Exercise - Three Objects, Three Trees

(In a 2-day format, this could be assigned as homework).

The goal of this exercise is to solidify two major concepts:

  • The Three Objects - the git data model
  • The Three Trees - managing local changes

Work through this entire exercise, poking around in the project repo you started in Session 1. We'll have already touched on these concepts, but this exercise is designed to test and expand your understanding.

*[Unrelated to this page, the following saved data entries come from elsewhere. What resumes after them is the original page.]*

(* Let $d\ge4$ and $1\le p<d/2$ be integers. Every critical point of $\varphi_0$ in the interior of $K_0$ lies on the curve $\tilde{\mathbf{z}}:(0,\infty)\to K_0$, $x\mapsto(\tilde z_{j01}(x),\tilde z_{j10}(x))_{j\in[p]}$, where $$\tilde z_{j01}(x)=\tilde z_{j10}(x)=\frac{\tau_jx^j}{2\theta(x)}.$$ Moreover, for $x>0$, the point $\tilde{\mathbf{z}}(x)$ is a critical point of $\varphi_0$ if and only if $x$ is a root of the polynomial $$g(x)=2\bigl(p\theta(x)-\theta_1(x)\bigr)(1+x)-d\,\theta(x).$$
   Context: Let $\tau_j=\binom{d}{p}\binom{p}{j}\binom{d-p}{p-j}$ for $0\le j\le p$, $\theta(t)=\sum_{j=0}^p\tau_jt^j$ and $\theta_1(t)=\sum_{j=1}^pj\tau_jt^j$. Let $K_0\subset\mathbb{R}^{2p}$ be the set of points $(z_{j01},z_{j10})_{j\in[p]}$ with all $z_{j01},z_{j10}\ge0$ and $\sum_{j\in[p]}z_{j01}\le\frac12$, $\sum_{j\in[p]}z_{j10}\le\frac12$; set $z_{001}=\frac12-\sum_{j\in[p]}z_{j01}$ and $z_{010}=\frac12-\sum_{j\in[p]}z_{j10}$. Define $A_0=p-\sum_{j\in[p]}j(z_{j01}+z_{j10})$, $B_0=\frac d2-A_0$, and $$\varphi_0=A_0\log A_0+B_0\log B_0+\sum_{j=0}^p\sum_{(\alpha,\beta)\in\{(0,1),(1,0)\}}\bigl(z_{j\alpha\beta}\log\tau_j-z_{j\alpha\beta}\log z_{j\alpha\beta}\bigr).$$ (This is the restriction of the function $\varphi$ to the face $z=0$, where all $z_{j00}=z_{j11}=0$.) A critical point is a point of the interior of $K_0$ where the gradient of $\varphi_0$ vanishes. *)

theory Defs
  imports "HOL-Analysis.Analysis"
begin

text \<open>Points of K_0 subset R^{2p} are pairs (u, v) of functions nat => real, where
  u j = z_{j01} and v j = z_{j10} for j in [p] = {1..p}; values outside {1..p} are irrelevant.\<close>

definition tau :: "nat \<Rightarrow> nat \<Rightarrow> nat \<Rightarrow> real" where
  "tau d p j = real ((d choose p) * (p choose j) * ((d - p) choose (p - j)))"

definition theta :: "nat \<Rightarrow> nat \<Rightarrow> real \<Rightarrow> real" where
  "theta d p t = (\<Sum>j = 0..p. tau d p j * t ^ j)"

definition theta1 :: "nat \<Rightarrow> nat \<Rightarrow> real \<Rightarrow> real" where
  "theta1 d p t = (\<Sum>j = 1..p. real j * tau d p j * t ^ j)"

definition phi0 :: "nat \<Rightarrow> nat \<Rightarrow> (nat \<Rightarrow> real) \<Rightarrow> (nat \<Rightarrow> real) \<Rightarrow> real" where
  "phi0 d p u v =
    (let z01 = (\<lambda>j. if j = 0 then 1/2 - (\<Sum>i = 1..p. u i) else u j);
         z10 = (\<lambda>j. if j = 0 then 1/2 - (\<Sum>i = 1..p. v i) else v j);
         A = real p - (\<Sum>j = 1..p. real j * (u j + v j));
         B = real d / 2 - A
     in A * ln A + B * ln B
        + (\<Sum>j = 0..p. (z01 j * ln (tau d p j) - z01 j * ln (z01 j))
                      + (z10 j * ln (tau d p j) - z10 j * ln (z10 j))))"

definition interior_K0 :: "nat \<Rightarrow> (nat \<Rightarrow> real) \<Rightarrow> (nat \<Rightarrow> real) \<Rightarrow> bool" where
  "interior_K0 p u v \<longleftrightarrow>
     (\<forall>j\<in>{1..p}. u j > 0 \<and> v j > 0) \<and> (\<Sum>j = 1..p. u j) < 1/2 \<and> (\<Sum>j = 1..p. v j) < 1/2"

definition critical0 :: "nat \<Rightarrow> nat \<Rightarrow> (nat \<Rightarrow> real) \<Rightarrow> (nat \<Rightarrow> real) \<Rightarrow> bool" where
  "critical0 d p u v \<longleftrightarrow> interior_K0 p u v \<and>
     (\<forall>j\<in>{1..p}.
        ((\<lambda>t. phi0 d p (u(j := t)) v) has_real_derivative 0) (at (u j)) \<and>
        ((\<lambda>t. phi0 d p u (v(j := t))) has_real_derivative 0) (at (v j)))"

definition ztilde :: "nat \<Rightarrow> nat \<Rightarrow> real \<Rightarrow> nat \<Rightarrow> real" where
  "ztilde d p x j = tau d p j * x ^ j / (2 * theta d p x)"

definition gpoly :: "nat \<Rightarrow> nat \<Rightarrow> real \<Rightarrow> real" where
  "gpoly d p x = 2 * (real p * theta d p x - theta1 d p x) * (1 + x) - real d * theta d p x"

end

theory Submission
  imports Defs
begin

text \<open>The partial derivative of \<open>\<phi>\<^sub>0\<close> in \<open>z\<^sub>j\<^sub>0\<^sub>1\<close> is
  \<open>j log (B\<^sub>0/A\<^sub>0) + log \<tau>\<^sub>j - log z\<^sub>j\<^sub>0\<^sub>1 - log \<tau>\<^sub>0 + log z\<^sub>0\<^sub>0\<^sub>1\<close>.
  Hence at a critical point \<open>z\<^sub>j\<^sub>0\<^sub>1 / \<tau>\<^sub>j = x\<^sup>j z\<^sub>0\<^sub>0\<^sub>1 / \<tau>\<^sub>0\<close> with \<open>x = B\<^sub>0/A\<^sub>0\<close>, and likewise
  for \<open>z\<^sub>j\<^sub>1\<^sub>0\<close> with the same \<open>x\<close>; the constraint \<open>\<Sum>\<^sub>j z\<^sub>j\<^sub>0\<^sub>1 = 1/2\<close> then forces
  \<open>z\<^sub>0\<^sub>0\<^sub>1 = \<tau>\<^sub>0 / (2 \<theta>(x))\<close>, i.e. the point is \<open>z\<^sup>~(x)\<close>. Conversely \<open>z\<^sup>~(x)\<close> is critical iff
  its own ratio \<open>B\<^sub>0/A\<^sub>0\<close> equals \<open>x\<close>; as \<open>A\<^sub>0 = p - \<theta>\<^sub>1(x)/\<theta>(x)\<close> there, clearing
  denominators turns \<open>B\<^sub>0 = x A\<^sub>0\<close> into \<open>g(x) = 0\<close>.\<close>

lemma sum_update_on_subset:
  fixes f g :: "'a \<Rightarrow> 'b::ab_group_add"
  assumes "finite A" "B \<subseteq> A" "\<And>i. i \<in> A - B \<Longrightarrow> f i = g i"
  shows "sum f A = sum g A - sum g B + sum f B"
proof -
  have "sum f (A - B) = sum g (A - B)" using assms(3) by (rule sum.cong[OF refl])
  then show ?thesis using sum_diff[OF assms(1,2), of f] sum_diff[OF assms(1,2), of g] by (simp add: diff_eq_eq)
qed

lemma tau_pos: "2 * p < d \<Longrightarrow> j \<le> p \<Longrightarrow> 0 < tau d p j"
  unfolding tau_def by simp

lemma theta_eq: "theta d p x = tau d p 0 + (\<Sum>j = 1..p. tau d p j * x ^ j)"
  unfolding theta_def by (simp add: sum.atLeast_Suc_atMost)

This should help you hit the ground running in Session Two.

Table of Contents

Review Basic Unix and Shell.

Set up git aliases

This activates cool bash shortcuts for working with git from the bash prompt.

$ cat bin/git-aliases.sh  # See what's there
$ source bin/git-aliases.sh   # Activate aliases in current shell
$ bin/append-aliases-to-profile.sh  # So they'll be part of future shells.
$ adog  # This should work now.

Git versus Github

The git client is a big bag of commands for implementing version control using a local content-addressable DB (aka a repository, or "repo"), as well as efficiently communicating with other, remote repos--a Distributed Version Control System, or DVCS. Git was written by Linus Torvalds in 2005 for version-controlling the Linux kernel.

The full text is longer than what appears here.